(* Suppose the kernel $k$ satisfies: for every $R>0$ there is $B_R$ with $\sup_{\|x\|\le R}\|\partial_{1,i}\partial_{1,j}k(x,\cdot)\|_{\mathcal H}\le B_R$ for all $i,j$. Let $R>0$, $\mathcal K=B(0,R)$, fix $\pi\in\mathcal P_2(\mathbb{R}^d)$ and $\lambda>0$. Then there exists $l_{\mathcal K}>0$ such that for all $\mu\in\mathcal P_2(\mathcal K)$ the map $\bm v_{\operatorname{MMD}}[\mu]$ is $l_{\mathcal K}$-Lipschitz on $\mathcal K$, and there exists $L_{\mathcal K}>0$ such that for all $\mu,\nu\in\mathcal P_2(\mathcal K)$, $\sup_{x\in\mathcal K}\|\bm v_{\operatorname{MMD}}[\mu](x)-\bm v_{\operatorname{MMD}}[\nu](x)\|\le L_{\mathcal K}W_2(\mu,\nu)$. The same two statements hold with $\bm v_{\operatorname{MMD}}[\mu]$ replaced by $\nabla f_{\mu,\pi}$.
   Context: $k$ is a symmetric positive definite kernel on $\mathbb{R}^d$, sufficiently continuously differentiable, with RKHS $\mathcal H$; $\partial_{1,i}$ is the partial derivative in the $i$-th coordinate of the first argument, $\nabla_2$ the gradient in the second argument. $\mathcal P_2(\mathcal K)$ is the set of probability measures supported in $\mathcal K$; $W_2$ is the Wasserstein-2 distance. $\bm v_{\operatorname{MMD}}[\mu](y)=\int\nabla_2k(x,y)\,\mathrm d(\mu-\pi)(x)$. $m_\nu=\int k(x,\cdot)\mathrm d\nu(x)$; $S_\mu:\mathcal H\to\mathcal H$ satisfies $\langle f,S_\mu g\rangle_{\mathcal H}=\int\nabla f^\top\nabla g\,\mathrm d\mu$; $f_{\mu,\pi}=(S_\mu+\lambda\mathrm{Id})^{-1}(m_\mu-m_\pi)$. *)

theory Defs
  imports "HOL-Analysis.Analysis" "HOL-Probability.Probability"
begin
◇ ◇ ◇
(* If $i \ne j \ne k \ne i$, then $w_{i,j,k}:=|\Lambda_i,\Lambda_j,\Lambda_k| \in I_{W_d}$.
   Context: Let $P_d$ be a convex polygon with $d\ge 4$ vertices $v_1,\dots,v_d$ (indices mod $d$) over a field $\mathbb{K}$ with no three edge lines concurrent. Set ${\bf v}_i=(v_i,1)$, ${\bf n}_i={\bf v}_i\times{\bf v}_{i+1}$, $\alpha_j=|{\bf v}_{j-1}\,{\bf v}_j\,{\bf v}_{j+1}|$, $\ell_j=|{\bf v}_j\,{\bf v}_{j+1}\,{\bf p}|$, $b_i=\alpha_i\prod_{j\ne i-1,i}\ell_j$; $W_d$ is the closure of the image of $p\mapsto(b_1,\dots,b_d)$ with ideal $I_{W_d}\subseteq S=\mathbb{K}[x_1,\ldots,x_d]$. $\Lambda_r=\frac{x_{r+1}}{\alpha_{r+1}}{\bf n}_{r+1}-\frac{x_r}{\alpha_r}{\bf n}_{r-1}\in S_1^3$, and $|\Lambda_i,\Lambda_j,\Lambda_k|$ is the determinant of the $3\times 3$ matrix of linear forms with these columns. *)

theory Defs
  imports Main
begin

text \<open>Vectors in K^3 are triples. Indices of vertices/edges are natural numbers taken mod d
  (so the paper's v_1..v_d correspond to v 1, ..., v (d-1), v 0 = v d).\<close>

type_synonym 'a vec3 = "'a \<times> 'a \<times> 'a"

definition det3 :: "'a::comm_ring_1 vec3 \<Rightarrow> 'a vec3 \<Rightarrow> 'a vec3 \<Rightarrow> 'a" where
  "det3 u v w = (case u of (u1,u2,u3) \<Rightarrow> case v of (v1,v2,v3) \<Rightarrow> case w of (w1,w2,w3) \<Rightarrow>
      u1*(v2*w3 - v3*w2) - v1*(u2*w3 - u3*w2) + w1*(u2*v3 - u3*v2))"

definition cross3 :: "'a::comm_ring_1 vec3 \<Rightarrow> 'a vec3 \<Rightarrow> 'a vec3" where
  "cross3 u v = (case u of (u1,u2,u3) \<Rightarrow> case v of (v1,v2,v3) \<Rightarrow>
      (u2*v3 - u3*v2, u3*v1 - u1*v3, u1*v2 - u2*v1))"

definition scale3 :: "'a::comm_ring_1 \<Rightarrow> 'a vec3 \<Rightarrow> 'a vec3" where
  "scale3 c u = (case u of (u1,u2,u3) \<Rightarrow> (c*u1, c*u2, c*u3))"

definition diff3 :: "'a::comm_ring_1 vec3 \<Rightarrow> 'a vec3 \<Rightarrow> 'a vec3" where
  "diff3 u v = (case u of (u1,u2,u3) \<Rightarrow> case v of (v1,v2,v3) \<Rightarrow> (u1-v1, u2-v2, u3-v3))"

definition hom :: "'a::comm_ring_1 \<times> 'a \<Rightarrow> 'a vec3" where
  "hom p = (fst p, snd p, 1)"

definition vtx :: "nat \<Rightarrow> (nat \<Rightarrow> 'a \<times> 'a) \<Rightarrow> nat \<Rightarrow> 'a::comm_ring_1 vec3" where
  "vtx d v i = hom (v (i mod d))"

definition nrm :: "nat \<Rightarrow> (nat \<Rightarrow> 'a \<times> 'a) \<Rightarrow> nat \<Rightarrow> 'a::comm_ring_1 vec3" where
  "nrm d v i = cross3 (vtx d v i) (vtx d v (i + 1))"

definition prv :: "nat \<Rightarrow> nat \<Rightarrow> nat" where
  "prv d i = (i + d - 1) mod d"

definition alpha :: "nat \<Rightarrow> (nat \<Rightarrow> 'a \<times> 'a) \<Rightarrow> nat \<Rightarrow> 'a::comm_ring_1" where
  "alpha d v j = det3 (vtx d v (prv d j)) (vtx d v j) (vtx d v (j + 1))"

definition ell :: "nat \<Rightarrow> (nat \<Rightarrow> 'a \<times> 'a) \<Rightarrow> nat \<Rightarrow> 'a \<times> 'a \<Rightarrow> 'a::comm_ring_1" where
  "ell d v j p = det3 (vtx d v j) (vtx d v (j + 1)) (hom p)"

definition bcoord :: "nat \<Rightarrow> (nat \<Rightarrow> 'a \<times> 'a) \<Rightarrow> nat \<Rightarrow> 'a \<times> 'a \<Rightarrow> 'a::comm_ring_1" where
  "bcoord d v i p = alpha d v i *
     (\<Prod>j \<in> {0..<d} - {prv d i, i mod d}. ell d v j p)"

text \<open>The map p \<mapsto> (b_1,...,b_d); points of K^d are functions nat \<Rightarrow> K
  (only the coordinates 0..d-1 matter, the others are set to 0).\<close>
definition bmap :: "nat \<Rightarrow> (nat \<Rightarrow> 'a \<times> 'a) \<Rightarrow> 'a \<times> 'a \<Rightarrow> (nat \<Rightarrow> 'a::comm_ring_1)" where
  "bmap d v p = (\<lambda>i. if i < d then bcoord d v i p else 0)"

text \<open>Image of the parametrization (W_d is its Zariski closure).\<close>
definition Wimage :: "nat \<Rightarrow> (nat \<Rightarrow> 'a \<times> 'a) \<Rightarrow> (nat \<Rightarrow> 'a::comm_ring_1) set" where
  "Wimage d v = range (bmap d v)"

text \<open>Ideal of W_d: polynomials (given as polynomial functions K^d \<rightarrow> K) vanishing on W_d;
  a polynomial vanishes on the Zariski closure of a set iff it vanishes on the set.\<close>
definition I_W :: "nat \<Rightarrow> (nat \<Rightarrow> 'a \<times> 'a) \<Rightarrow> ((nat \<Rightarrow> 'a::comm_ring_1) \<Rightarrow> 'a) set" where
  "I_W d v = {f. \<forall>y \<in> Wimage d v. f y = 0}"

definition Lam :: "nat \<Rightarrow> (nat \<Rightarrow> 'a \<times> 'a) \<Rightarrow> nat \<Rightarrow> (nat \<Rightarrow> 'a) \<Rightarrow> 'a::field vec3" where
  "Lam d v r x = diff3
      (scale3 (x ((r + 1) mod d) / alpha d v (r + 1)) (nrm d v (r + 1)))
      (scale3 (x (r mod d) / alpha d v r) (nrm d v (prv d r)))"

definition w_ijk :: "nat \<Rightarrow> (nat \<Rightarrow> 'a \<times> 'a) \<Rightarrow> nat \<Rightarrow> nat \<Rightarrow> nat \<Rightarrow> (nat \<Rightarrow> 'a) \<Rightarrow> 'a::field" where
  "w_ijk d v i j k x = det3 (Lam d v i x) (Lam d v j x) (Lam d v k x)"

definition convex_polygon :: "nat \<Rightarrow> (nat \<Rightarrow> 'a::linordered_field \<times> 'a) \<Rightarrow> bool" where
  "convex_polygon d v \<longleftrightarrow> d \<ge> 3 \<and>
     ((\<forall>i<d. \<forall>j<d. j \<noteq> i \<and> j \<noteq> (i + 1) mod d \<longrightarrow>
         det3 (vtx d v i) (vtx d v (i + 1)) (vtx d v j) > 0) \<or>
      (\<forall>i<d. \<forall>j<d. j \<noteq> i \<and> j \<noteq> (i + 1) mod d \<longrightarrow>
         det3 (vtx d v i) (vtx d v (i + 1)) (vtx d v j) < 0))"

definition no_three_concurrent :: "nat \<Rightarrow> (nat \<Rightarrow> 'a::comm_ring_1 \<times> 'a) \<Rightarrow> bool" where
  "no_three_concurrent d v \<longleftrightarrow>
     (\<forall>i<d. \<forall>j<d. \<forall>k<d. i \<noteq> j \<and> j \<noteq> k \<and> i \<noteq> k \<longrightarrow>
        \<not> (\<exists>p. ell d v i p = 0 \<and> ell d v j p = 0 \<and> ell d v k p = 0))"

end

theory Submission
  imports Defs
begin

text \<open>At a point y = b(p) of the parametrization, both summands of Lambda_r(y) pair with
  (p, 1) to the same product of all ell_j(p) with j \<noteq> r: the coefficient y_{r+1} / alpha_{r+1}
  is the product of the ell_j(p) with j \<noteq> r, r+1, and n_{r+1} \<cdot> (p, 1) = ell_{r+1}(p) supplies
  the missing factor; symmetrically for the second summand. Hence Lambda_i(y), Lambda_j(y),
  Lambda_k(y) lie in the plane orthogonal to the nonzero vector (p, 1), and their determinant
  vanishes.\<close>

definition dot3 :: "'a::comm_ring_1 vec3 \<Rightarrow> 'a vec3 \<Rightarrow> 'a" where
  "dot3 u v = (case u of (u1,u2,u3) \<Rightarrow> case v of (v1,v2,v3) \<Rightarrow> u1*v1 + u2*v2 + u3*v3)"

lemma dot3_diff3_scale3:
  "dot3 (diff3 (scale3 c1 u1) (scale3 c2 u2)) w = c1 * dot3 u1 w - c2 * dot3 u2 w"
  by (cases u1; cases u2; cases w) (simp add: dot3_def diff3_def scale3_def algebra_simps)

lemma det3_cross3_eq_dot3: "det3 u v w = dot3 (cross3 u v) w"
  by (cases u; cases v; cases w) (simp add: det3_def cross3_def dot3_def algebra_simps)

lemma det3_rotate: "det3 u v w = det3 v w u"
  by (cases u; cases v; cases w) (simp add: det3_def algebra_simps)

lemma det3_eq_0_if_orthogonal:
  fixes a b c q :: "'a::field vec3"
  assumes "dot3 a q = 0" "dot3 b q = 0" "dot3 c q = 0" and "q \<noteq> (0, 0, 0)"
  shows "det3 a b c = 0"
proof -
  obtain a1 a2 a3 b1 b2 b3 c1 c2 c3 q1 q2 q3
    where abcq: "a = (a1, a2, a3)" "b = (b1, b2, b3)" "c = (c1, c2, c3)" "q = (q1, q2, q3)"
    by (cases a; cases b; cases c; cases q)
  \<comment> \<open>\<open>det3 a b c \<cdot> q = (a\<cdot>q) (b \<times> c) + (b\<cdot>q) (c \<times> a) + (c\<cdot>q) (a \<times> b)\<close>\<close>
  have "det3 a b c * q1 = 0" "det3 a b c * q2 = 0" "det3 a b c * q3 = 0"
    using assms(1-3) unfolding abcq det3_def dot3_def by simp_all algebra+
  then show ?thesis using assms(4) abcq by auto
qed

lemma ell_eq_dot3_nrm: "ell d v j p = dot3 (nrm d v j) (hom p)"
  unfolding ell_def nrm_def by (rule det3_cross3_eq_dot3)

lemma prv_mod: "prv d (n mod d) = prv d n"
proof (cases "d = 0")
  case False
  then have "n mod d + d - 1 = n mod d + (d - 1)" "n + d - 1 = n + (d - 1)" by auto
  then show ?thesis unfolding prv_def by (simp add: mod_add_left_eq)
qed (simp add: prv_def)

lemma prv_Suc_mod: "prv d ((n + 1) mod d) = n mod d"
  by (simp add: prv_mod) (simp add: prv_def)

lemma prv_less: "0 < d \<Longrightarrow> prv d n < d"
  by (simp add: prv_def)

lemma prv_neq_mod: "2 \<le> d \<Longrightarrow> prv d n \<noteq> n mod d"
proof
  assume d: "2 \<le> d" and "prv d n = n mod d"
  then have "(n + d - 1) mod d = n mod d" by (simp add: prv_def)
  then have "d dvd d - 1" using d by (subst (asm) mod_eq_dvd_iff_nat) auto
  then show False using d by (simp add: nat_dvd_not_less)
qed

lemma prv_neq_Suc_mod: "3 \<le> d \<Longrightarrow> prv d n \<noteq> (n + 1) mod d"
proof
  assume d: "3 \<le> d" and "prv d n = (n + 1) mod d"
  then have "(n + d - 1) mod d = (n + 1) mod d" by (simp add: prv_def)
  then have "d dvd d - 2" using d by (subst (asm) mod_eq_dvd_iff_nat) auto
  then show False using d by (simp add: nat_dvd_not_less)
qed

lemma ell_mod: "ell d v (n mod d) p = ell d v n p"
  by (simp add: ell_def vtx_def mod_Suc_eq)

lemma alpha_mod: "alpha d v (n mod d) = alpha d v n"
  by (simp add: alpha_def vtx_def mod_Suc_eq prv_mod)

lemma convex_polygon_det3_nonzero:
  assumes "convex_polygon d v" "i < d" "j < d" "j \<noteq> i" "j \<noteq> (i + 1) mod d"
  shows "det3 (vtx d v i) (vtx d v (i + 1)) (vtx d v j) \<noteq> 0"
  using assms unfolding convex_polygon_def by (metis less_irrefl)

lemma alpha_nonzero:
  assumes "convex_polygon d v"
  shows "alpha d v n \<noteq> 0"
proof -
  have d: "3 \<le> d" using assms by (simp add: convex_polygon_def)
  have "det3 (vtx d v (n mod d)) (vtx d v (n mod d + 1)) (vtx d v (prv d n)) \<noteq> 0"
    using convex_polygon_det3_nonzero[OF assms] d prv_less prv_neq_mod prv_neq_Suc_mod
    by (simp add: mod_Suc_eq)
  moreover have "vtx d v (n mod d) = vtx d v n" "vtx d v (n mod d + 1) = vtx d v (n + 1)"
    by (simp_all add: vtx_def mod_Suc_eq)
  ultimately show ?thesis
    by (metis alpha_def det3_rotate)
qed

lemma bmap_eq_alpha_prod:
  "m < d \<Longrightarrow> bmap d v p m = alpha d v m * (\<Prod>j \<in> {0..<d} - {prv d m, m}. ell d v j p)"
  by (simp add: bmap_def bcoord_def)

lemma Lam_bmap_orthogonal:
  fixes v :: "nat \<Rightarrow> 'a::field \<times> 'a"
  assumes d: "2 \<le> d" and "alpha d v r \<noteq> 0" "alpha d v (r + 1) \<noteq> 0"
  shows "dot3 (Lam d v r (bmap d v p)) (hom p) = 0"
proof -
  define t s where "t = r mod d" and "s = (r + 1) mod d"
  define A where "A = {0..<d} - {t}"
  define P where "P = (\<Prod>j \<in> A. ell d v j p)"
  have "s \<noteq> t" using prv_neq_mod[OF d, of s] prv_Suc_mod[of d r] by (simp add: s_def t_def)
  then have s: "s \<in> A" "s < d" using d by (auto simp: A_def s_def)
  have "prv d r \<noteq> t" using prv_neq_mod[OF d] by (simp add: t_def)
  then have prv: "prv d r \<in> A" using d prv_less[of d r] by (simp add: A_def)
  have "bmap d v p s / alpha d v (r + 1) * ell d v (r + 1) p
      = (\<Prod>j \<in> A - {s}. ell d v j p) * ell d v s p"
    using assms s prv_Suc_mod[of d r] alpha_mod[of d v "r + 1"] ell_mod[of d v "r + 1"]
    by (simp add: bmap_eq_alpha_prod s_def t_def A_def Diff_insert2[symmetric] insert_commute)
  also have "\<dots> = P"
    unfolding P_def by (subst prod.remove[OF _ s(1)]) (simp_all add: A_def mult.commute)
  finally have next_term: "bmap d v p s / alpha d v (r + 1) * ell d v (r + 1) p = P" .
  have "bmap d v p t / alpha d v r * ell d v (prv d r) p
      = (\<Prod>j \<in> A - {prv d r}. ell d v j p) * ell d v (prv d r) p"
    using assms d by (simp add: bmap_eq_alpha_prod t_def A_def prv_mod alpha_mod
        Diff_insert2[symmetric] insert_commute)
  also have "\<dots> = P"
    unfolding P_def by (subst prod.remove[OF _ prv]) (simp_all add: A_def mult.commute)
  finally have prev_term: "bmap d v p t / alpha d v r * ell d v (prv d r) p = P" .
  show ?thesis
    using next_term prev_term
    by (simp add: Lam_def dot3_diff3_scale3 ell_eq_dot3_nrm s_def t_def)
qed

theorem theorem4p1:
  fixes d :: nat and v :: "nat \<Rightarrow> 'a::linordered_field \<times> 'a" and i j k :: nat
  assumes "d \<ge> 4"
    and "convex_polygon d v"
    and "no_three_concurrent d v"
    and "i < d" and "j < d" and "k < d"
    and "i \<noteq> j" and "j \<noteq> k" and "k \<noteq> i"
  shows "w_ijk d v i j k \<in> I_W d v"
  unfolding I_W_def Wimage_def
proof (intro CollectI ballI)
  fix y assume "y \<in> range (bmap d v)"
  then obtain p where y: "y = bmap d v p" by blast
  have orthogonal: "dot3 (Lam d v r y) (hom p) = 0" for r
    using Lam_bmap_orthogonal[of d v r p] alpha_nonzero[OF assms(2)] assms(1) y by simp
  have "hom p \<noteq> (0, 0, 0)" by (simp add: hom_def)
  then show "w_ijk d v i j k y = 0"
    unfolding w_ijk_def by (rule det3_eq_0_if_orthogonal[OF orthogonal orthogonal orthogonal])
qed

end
◇ ◇ ◇
**BRIEF**
The string "bool" marks the lines to return from the material. Copy each one.

**RESULT BELOW**
definition convex_polygon :: "nat \<Rightarrow> (nat \<Rightarrow> 'a::linordered_field \<times> 'a) \<Rightarrow> bool" where
definition no_three_concurrent :: "nat \<Rightarrow> (nat \<Rightarrow> 'a::comm_ring_1 \<times> 'a) \<Rightarrow> bool" where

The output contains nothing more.